● Task requirements
Transcribe each record below character for character.

● Data for analysis

lemma cube_integral_eq_0_if_slices:
  fixes \<kappa> :: "'n::finite \<Rightarrow> complex" and g :: "real^'n \<Rightarrow> complex" and j :: 'n
  assumes pos: "\<And>i. Re (\<kappa> i) > 0" and g: "continuous_on UNIV g"
    and slice: "\<And>c. (LINT y|lborel.
        indicator {0..1} y *\<^sub>R (g (\<chi> k. if k = j then y else c k) * weight_factor (\<kappa> j) y)) = 0"
  shows "cube_integral \<kappa> g = 0"
proof -
  define K where "K t = indicator (cbox 0 1) t *\<^sub>R (g t * cube_weight \<kappa> t)" for t :: "real^'n"
  define \<phi> where "\<phi> x = (\<Sum>b\<in>(Basis::(real^'n) set). x b *\<^sub>R b)" for x
  define bj where "bj = (axis j 1 :: real^'n)"
  have [measurable]: "g \<in> borel_measurable borel"
    using borel_measurable_continuous_onI[OF g] .
  have [measurable]: "K \<in> borel_measurable borel"
    unfolding K_def by measurable
  have [measurable]: "\<phi> \<in> (\<Pi>\<^sub>M b\<in>Basis. lborel) \<rightarrow>\<^sub>M borel"
    unfolding \<phi>_def by measurable
  have lborel_eq_distr: "(lborel :: (real^'n) measure) = distr (\<Pi>\<^sub>M b\<in>Basis. lborel) borel \<phi>"
    unfolding \<phi>_def by (rule lborel_eq)
  interpret product_sigma_finite "\<lambda>_::real^'n. lborel"
    by standard
  have int: "integrable (\<Pi>\<^sub>M b\<in>Basis. lborel) (\<lambda>x. K (\<phi> x))"
    using integrable_cube_weighted[of \<kappa>, OF pos g] unfolding lborel_eq_distr K_def[symmetric]
    by (subst (asm) integrable_distr_eq) auto
  have inner: "(LINT y|lborel. K (\<phi> (x(bj := y)))) = 0" for x :: "real^'n \<Rightarrow> real"
  proof -
    define c where "c i = x (axis i 1)" for i
    define C where "C = (if \<forall>i\<in>UNIV - {j}. c i \<in> {0..1}
      then (\<Prod>i\<in>UNIV - {j}. weight_factor (\<kappa> i) (c i)) else 0)"
    have "\<phi> (x(bj := y)) = (\<chi> i. if i = j then y else c i)" for y
      unfolding \<phi>_def vector_cart[symmetric] c_def bj_def
      by (intro arg_cong[where f=vec_lambda] ext) (simp add: axis_eq_axis)
    moreover have "K (\<chi> i. if i = j then y else c i)
      = C * (indicator {0..1} y *\<^sub>R (g (\<chi> i. if i = j then y else c i) * weight_factor (\<kappa> j) y))" for y
    proof -
      have "cube_weight \<kappa> (\<chi> i. if i = j then y else c i)
          = weight_factor (\<kappa> j) y * (\<Prod>i\<in>UNIV - {j}. weight_factor (\<kappa> i) (c i))"
        unfolding cube_weight_def by (subst prod.remove[of UNIV j]) (auto intro!: prod.cong)
      moreover have "(\<chi> i. if i = j then y else c i) \<in> cbox 0 1
          \<longleftrightarrow> y \<in> {0..1} \<and> (\<forall>i\<in>UNIV - {j}. c i \<in> {0..1})"
        by (auto simp: mem_box_cart split: if_splits)
      ultimately show ?thesis
        by (auto simp: K_def C_def indicator_def)
    qed
    ultimately have "(LINT y|lborel. K (\<phi> (x(bj := y))))
      = (LINT y|lborel. C * (indicator {0..1} y *\<^sub>R
          (g (\<chi> i. if i = j then y else c i) * weight_factor (\<kappa> j) y)))"
      by simp
    also have "\<dots> = 0"
      using slice[of c] by (simp only: integral_mult_right_zero) simp
    finally show ?thesis .
  qed
  have "cube_integral \<kappa> g = integral\<^sup>L (distr (\<Pi>\<^sub>M b\<in>Basis. lborel) borel \<phi>) K"
    by (simp add: cube_integral_def K_def[abs_def] flip: lborel_eq_distr)
  also have "\<dots> = (LINT x|(\<Pi>\<^sub>M b\<in>Basis. lborel). K (\<phi> x))"
    by (rule integral_distr) measurable
  also have "\<dots> = (LINT x|(\<Pi>\<^sub>M b\<in>Basis - {bj}. lborel). (LINT y|lborel. K (\<phi> (x(bj := y)))))"
    using product_integral_insert[of "Basis - {bj}" bj "\<lambda>x. K (\<phi> x)"] int
    by (simp add: insert_absorb bj_def Basis_vec_eq_range_axis)
  also have "\<dots> = 0"
    by (simp add: inner)
  finally show ?thesis .
qed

● The answer
lemma cube_integral_eq_0_if_slices:
  fixes \<kappa> :: "'n::finite \<Rightarrow> complex" and g :: "real^'n \<Rightarrow> complex" and j :: 'n
  assumes pos: "\<And>i. Re (\<kappa> i) > 0" and g: "continuous_on UNIV g"
    and slice: "\<And>c. (LINT y|lborel.
        indicator {0..1} y *\<^sub>R (g (\<chi> k. if k = j then y else c k) * weight_factor (\<kappa> j) y)) = 0"
  shows "cube_integral \<kappa> g = 0"
proof -
  define K where "K t = indicator (cbox 0 1) t *\<^sub>R (g t * cube_weight \<kappa> t)" for t :: "real^'n"
  define \<phi> where "\<phi> x = (\<Sum>b\<in>(Basis::(real^'n) set). x b *\<^sub>R b)" for x
  define bj where "bj = (axis j 1 :: real^'n)"
  have [measurable]: "g \<in> borel_measurable borel"
    using borel_measurable_continuous_onI[OF g] .
  have [measurable]: "K \<in> borel_measurable borel"
    unfolding K_def by measurable
  have [measurable]: "\<phi> \<in> (\<Pi>\<^sub>M b\<in>Basis. lborel) \<rightarrow>\<^sub>M borel"
    unfolding \<phi>_def by measurable
  have lborel_eq_distr: "(lborel :: (real^'n) measure) = distr (\<Pi>\<^sub>M b\<in>Basis. lborel) borel \<phi>"
    unfolding \<phi>_def by (rule lborel_eq)
  interpret product_sigma_finite "\<lambda>_::real^'n. lborel"
    by standard
  have int: "integrable (\<Pi>\<^sub>M b\<in>Basis. lborel) (\<lambda>x. K (\<phi> x))"
    using integrable_cube_weighted[of \<kappa>, OF pos g] unfolding lborel_eq_distr K_def[symmetric]
    by (subst (asm) integrable_distr_eq) auto
  have inner: "(LINT y|lborel. K (\<phi> (x(bj := y)))) = 0" for x :: "real^'n \<Rightarrow> real"
  proof -
    define c where "c i = x (axis i 1)" for i
    define C where "C = (if \<forall>i\<in>UNIV - {j}. c i \<in> {0..1}
      then (\<Prod>i\<in>UNIV - {j}. weight_factor (\<kappa> i) (c i)) else 0)"
    have "\<phi> (x(bj := y)) = (\<chi> i. if i = j then y else c i)" for y
      unfolding \<phi>_def vector_cart[symmetric] c_def bj_def
      by (intro arg_cong[where f=vec_lambda] ext) (simp add: axis_eq_axis)
    moreover have "K (\<chi> i. if i = j then y else c i)
      = C * (indicator {0..1} y *\<^sub>R (g (\<chi> i. if i = j then y else c i) * weight_factor (\<kappa> j) y))" for y
    proof -
      have "cube_weight \<kappa> (\<chi> i. if i = j then y else c i)
          = weight_factor (\<kappa> j) y * (\<Prod>i\<in>UNIV - {j}. weight_factor (\<kappa> i) (c i))"
        unfolding cube_weight_def by (subst prod.remove[of UNIV j]) (auto intro!: prod.cong)
      moreover have "(\<chi> i. if i = j then y else c i) \<in> cbox 0 1
          \<longleftrightarrow> y \<in> {0..1} \<and> (\<forall>i\<in>UNIV - {j}. c i \<in> {0..1})"
        by (auto simp: mem_box_cart split: if_splits)
      ultimately show ?thesis
        by (auto simp: K_def C_def indicator_def)
    qed
    ultimately have "(LINT y|lborel. K (\<phi> (x(bj := y))))
      = (LINT y|lborel. C * (indicator {0..1} y *\<^sub>R
          (g (\<chi> i. if i = j then y else c i) * weight_factor (\<kappa> j) y)))"
      by simp
    also have "\<dots> = 0"
      using slice[of c] by (simp only: integral_mult_right_zero) simp
    finally show ?thesis .
  qed
  have "cube_integral \<kappa> g = integral\<^sup>L (distr (\<Pi>\<^sub>M b\<in>Basis. lborel) borel \<phi>) K"
    by (simp add: cube_integral_def K_def[abs_def] flip: lborel_eq_distr)
  also have "\<dots> = (LINT x|(\<Pi>\<^sub>M b\<in>Basis. lborel). K (\<phi> x))"
    by (rule integral_distr) measurable
  also have "\<dots> = (LINT x|(\<Pi>\<^sub>M b\<in>Basis - {bj}. lborel). (LINT y|lborel. K (\<phi> (x(bj := y)))))"
    using product_integral_insert[of "Basis - {bj}" bj "\<lambda>x. K (\<phi> x)"] int
    by (simp add: insert_absorb bj_def Basis_vec_eq_range_axis)
  also have "\<dots> = 0"
    by (simp add: inner)
  finally show ?thesis .
qed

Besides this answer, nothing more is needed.